<<<<
lemma C4_imp_T:
  assumes "C4 type_BA imp"
  shows "C4 (pow_BA Ul) (imp_T imp)"
proof -
  have c4: "imp a b \<le> imp top (imp a b)" for a b
    using assms by (simp add: C4_def ble_type_BA) (simp add: type_BA_def)
  have "imp_T imp U V \<subseteq> imp_T imp W (imp_T imp U V)" for U V W
  proof
    fix u assume u: "u \<in> imp_T imp U V"
    then have "u \<in> Ul" using imp_T_subset_Ul by blast
    show "u \<in> imp_T imp W (imp_T imp U V)"
    proof (rule imp_T_I[OF \<open>u \<in> Ul\<close>])
      fix F v assume F: "is_filter F" and v: "v \<in> Ul" "Dimp imp u F \<subseteq> v"
      have u_v: "imp a b \<in> v" if "imp a b \<in> u" for a b
        using Ul_upward[OF \<open>u \<in> Ul\<close> that c4] imp_top_in_Dimp[OF F] v(2) by blast
      show "v \<in> imp_T imp U V"
      proof (rule imp_T_I[OF v(1)])
        fix F' w assume F': "is_filter F'" "phi F' \<subseteq> U" and w: "w \<in> Ul" "Dimp imp v F' \<subseteq> w"
        have "Dimp imp u F' \<subseteq> w" using u_v w(2) unfolding Dimp_def by blast
        then show "w \<in> V" using imp_T_D[OF u F' w(1)] by blast
      qed
    qed
  qed
  then show ?thesis unfolding C4_def ble_pow_BA by (simp add: pow_BA_def)
qed
subsection \<open>The character on squares\<close>

text \<open>If P is coprime to h, every prime factor of h^2 occurs to an even power and does
  not divide P, so each Legendre symbol factor of chi P (h^2) is (\<plusminus>1)^even = 1.\<close>
lemma chi_square_eq_1:
  fixes P h :: "'a::field_gcd poly"
  assumes "coprime P h" "h \<noteq> 0"
  shows "chi P (h ^ 2) = 1"
proof -
  have "leg_sym P Q ^ multiplicity Q (h ^ 2) = 1" if Q: "Q \<in> prime_factors (h ^ 2)" for Q
  proof -
    have pr: "prime Q" and "Q dvd h ^ 2"
      using Q by (auto dest: in_prime_factors_imp_prime in_prime_factors_imp_dvd)
    hence "Q dvd h" by (simp add: prime_dvd_power_iff)
    moreover have "\<not> is_unit Q" using pr not_prime_unit by blast
    ultimately have "\<not> Q dvd P" using assms(1) coprime_common_divisor by blast
    hence "leg_sym P Q = 1 \<or> leg_sym P Q = -1" by (auto simp: leg_sym_def)
    moreover have "multiplicity Q (h ^ 2) = 2 * multiplicity Q h"
      using pr assms(2) by (simp add: prime_elem_multiplicity_power_distrib)
    ultimately show ?thesis by (auto simp: power_mult)
  qed
  thus ?thesis by (simp add: chi_def jac_sym_def)
qed

lemma irreducible_coprime_smaller_degree:
  fixes P h :: "'a::field_gcd poly"
  assumes "irreducible P" "h \<noteq> 0" "degree h < degree P"
  shows "coprime P h"
proof (rule prime_elem_imp_coprime)
  show "prime_elem P" using assms(1) by (rule irreducible_imp_prime_elem)
  show "\<not> P dvd h"
  proof
    assume "P dvd h"
    hence "degree P \<le> degree h" using assms(2) by (rule dvd_imp_degree_le)
    thus False using assms(3) by simp
  qed
qed

subsection \<open>Summing the divisor function over squares\<close>

text \<open>d(f) counts the monic divisors of f (the cofactor of a monic divisor is monic).\<close>
lemma divisor_count_eq_card_monic_divisors:
  fixes f :: "'a::field_gcd poly"
  assumes f: "monic f"
  shows "divisor_count f = card {a. monic a \<and> a dvd f}"
proof -
  let ?S = "{(h1, h2). monic h1 \<and> monic h2 \<and> h1 * h2 = f}"
  have "inj_on fst ?S"
    by (rule inj_onI) (auto dest: monic_nonzero)
  moreover have "fst ` ?S = {a. monic a \<and> a dvd f}"
  proof (intro equalityI subsetI)
    fix a assume "a \<in> {a. monic a \<and> a dvd f}"
    then obtain b where "monic a" "f = a * b" by auto
    moreover from this have "monic b" using f monic_cofactor by auto
    ultimately show "a \<in> fst ` ?S" by force
  qed auto
  ultimately show ?thesis unfolding divisor_count_def by (simp add: card_image[symmetric])
qed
>>>>
Required action: Return only the number of lines above in which the string "lemma" occurs.

Answer to the exercise: 4